While the CREW program is much smaller, it is also mandatory. Cabral said one of her regrets was that she was not able to make the men’s program mandatory over the last six years - she’d had no place to build an accountability unit, where privileges are stripped away in response to the decision to not participate.

"If I can’t find the space," Cabral said of her hopes for the next six year, "I’d like to be able to come up with a mechanism to make it mandatory anyway."

Kim Nuttall, who helps run the CREW program at Project Place, a South End non-profit that helps the homeless, said the re-entry program had seen a great deal of success. With an 11% national job placement rate for women just let out of prison, Project Place has seen a 32% rate. And when the program was in dire need of money - the grant writer the Sheriff’s office lent them couldn’t garner funds - Cabral put the department’s funds into the program for the time being.

"She really is supportive what we’ve been doing. A vast majority of the population we serve lives in Boston and in Suffolk country, and this is a program that works for them. And I think that’s her priority," Nuttall said.

ABCD president and CEO John Drew, who has worked with the Cabral in the past several years, said that he’d been around for seven sheriffs and before Cabral, he couldn’t remember one he liked.

"It was new era," he said of her election.

Drew explained that Cabral had been involved in the Second Chance at Success program, run out of the ABCD’s South End location. Meant to help 17- to 24-year-olds move on with their lives after receiving a Criminal Offender Record Information (CORI), Cabral helped in the program’s planning process and was a speaker at the program’s March graduation.

"She’s much more than the jail. She actually works in the community and works with folks," Drew said.

Cabral will face opposition in this year’s election in Hassan A. Smith, a man who, though passionate about his own ability to work with the community as Sheriff, has a checkered past.

At 16, Smith murdered 21-year-old new father Jeffrey Booker in a parking lot in Roxbury. After spending two years with the Department of Youth Services, his record was, in his words, "expunged," which made it possible for him to get a job at the sheriff’s department as a corrections officer.

In 1997, it became popular knowledge that Hassan was a convicted killer and people were outraged. Smith’s plan to become a police officer after ten years as a corrections officer was derailed by many who tried to block his attempt and around the same time, multiple complaints of sexual harassment were filed against him, resulting in his being made to leave the department. He said in a recent interview with the South End news that the sexual harassment charges were staged.

Smith said that he understands why people focus on his past, but he hoped residents would also look to his possible future and his ability to do better than Cabral.

"I’m not trying to downplay what I did when I was 15," he said, "but we have a situation where we have a chance to do better," he said.

Cabral, when asked about Smith, doesn’t seem worried. Nevertheless, she is sure to meantion in a political office, you can never get too comfortable - she knows she has to work to be elected.

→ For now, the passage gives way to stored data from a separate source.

(* Let $a\in\mathbb{R}$, $\sigma>0$, $\gamma>0$, $\lambda>0$, $T\ge1$, channel transition probabilities $p_{cc'}$, and let $\tilde V_t$, $t=0,\ldots,T$, be defined on $\mathbb{R}_+\times\{0,1\}$ by the folded value iteration in the context. Then for each $c\in\{0,1\}$ and each $t\in\{0,1,\ldots,T\}$, the function $\tilde\Delta\mapsto\tilde V_t(\tilde\Delta,c)$ is non-decreasing on $\mathbb{R}_+$.
   Context: $p_{01},p_{10}\in[0,1]$, $p_{00}=1-p_{01}$, $p_{11}=1-p_{10}$; $\psi(v)=e^{-v^2/(2\sigma^2)}$, $\varphi(v,s)=\psi(v-s)+\psi(v+s)$; $\mathbb{R}_+=[0,\infty)$. Folded recursion: $\tilde V_0\equiv1$, $\tilde Q_{t+1}(\tilde\Delta,c;0)=e^{\gamma\tilde\Delta^2}\sum_{c_+\in\{0,1\}}p_{cc_+}\int_{\mathbb{R}_+}\varphi(\tilde\Delta_+,a\tilde\Delta)\tilde V_t(\tilde\Delta_+,c_+)d\tilde\Delta_+$, $\tilde Q_{t+1}(\tilde\Delta,c;1)=(1-c)e^{\gamma(\lambda+\tilde\Delta^2)}\sum_{c_+}p_{cc_+}\int_{\mathbb{R}_+}\varphi(\tilde\Delta_+,a\tilde\Delta)\tilde V_t(\tilde\Delta_+,c_+)d\tilde\Delta_++2c\,e^{\gamma\lambda}\sum_{c_+}p_{cc_+}\int_{\mathbb{R}_+}\psi(\tilde\Delta_+)\tilde V_t(\tilde\Delta_+,c_+)d\tilde\Delta_+$, $\tilde V_{t+1}(\tilde\Delta,c)=\min_{u\in\{0,1\}}\tilde Q_{t+1}(\tilde\Delta,c;u)$. This is the value iteration of the "folded" risk-sensitive MDP for an estimation error magnitude $\tilde\Delta$ and Gilbert–Elliott channel state $c$. *)

theory Defs
  imports "HOL-Analysis.Analysis"
begin

definition psi :: "real \<Rightarrow> real \<Rightarrow> real" where
  "psi \<sigma> v = exp (- (v\<^sup>2) / (2 * \<sigma>\<^sup>2))"

definition phi :: "real \<Rightarrow> real \<Rightarrow> real \<Rightarrow> real" where
  "phi \<sigma> v s = psi \<sigma> (v - s) + psi \<sigma> (v + s)"

definition ptrans :: "real \<Rightarrow> real \<Rightarrow> nat \<Rightarrow> nat \<Rightarrow> real" where
  "ptrans p01 p10 c c' =
     (if c = 0 then (if c' = 0 then 1 - p01 else p01)
      else (if c' = 0 then p10 else 1 - p10))"
lemma graded_petals: "graded_at {petal n i | i. i < 5} (- int n)"
proof -
  have "max (level (petal n i ! j)) (level (petal n i ! nxt j)) = - int n" if "j < 5" for i j
    using that by (elim less_5_cases) (simp_all add: petal_def nxt_def max_def)
  then show ?thesis
    unfolding graded_at_def by (auto simp: petal_def)
qed

lemma graded_Kn: "graded_at (Kn n) 0"
proof (induction n)
  case 0
  have "max (level (corners 0 ! j)) (level (corners 0 ! nxt j)) = 0" if "j < 5" for j
    using that nxt_less[of j] by (simp add: corners_def)
  then show ?case
    unfolding graded_at_def by (simp add: corners_def)
next
  case (Suc n)
  have "graded_at ((omega ^^ n) {petal n i | i. i < 5}) (- int n + int n)"
    by (rule graded_funpow_omega[OF graded_petals])
  with Suc show ?case
    unfolding graded_at_def by auto
qed

lemma graded_Kpent: "graded_at Kpent 0"
  using graded_Kn unfolding graded_at_def Kpent_def by blast

lemma Kpent_face:
  assumes "F \<in> Kpent"
  shows "length F = 5" "\<forall>v\<in>set F. level v \<le> 0" "\<forall>i<5. max (level (F ! i)) (level (F ! nxt i)) = 0"
  using graded_Kpent assms unfolding graded_at_def by auto

lemma nth_in_verts_Kpent: "F \<in> Kpent \<Longrightarrow> i < 5 \<Longrightarrow> F ! i \<in> verts Kpent"
  using Kpent_face(1) unfolding verts_def by force

lemma level_verts_Kpent: "v \<in> verts Kpent \<Longrightarrow> level v \<le> 0"
  unfolding verts_def using Kpent_face(2) by blast

lemma mid_notin_verts_Kpent: "F \<in> Kpent \<Longrightarrow> i < 5 \<Longrightarrow> mid F i \<notin> verts Kpent"
  using Kpent_face(3)[of F] level_verts_Kpent by (fastforce simp: edge_of_def)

Asked if there was anything she wasn’t prepared for when elected to Sheriff in 2004 that she’s ready for now, Cabral paused.

"I think I’m still surprised at the enormity of it all - the size of the department, the deficits of the population, the way crime impacts the people who are victimized by it," she listed off. "Some days, it can be a lot to wrap your head around."

Cabral said that the size of the system also meant that she had the ability to make a sizable difference.

"I didn’t anticipate for a minute that...I would have an opportunity and a voice in the context of this job to go beyond what happens in this facility, and try to effect more change in a more preventative way," she said. "I didn’t expect that all, but I’m glad I’ve had that opportunity."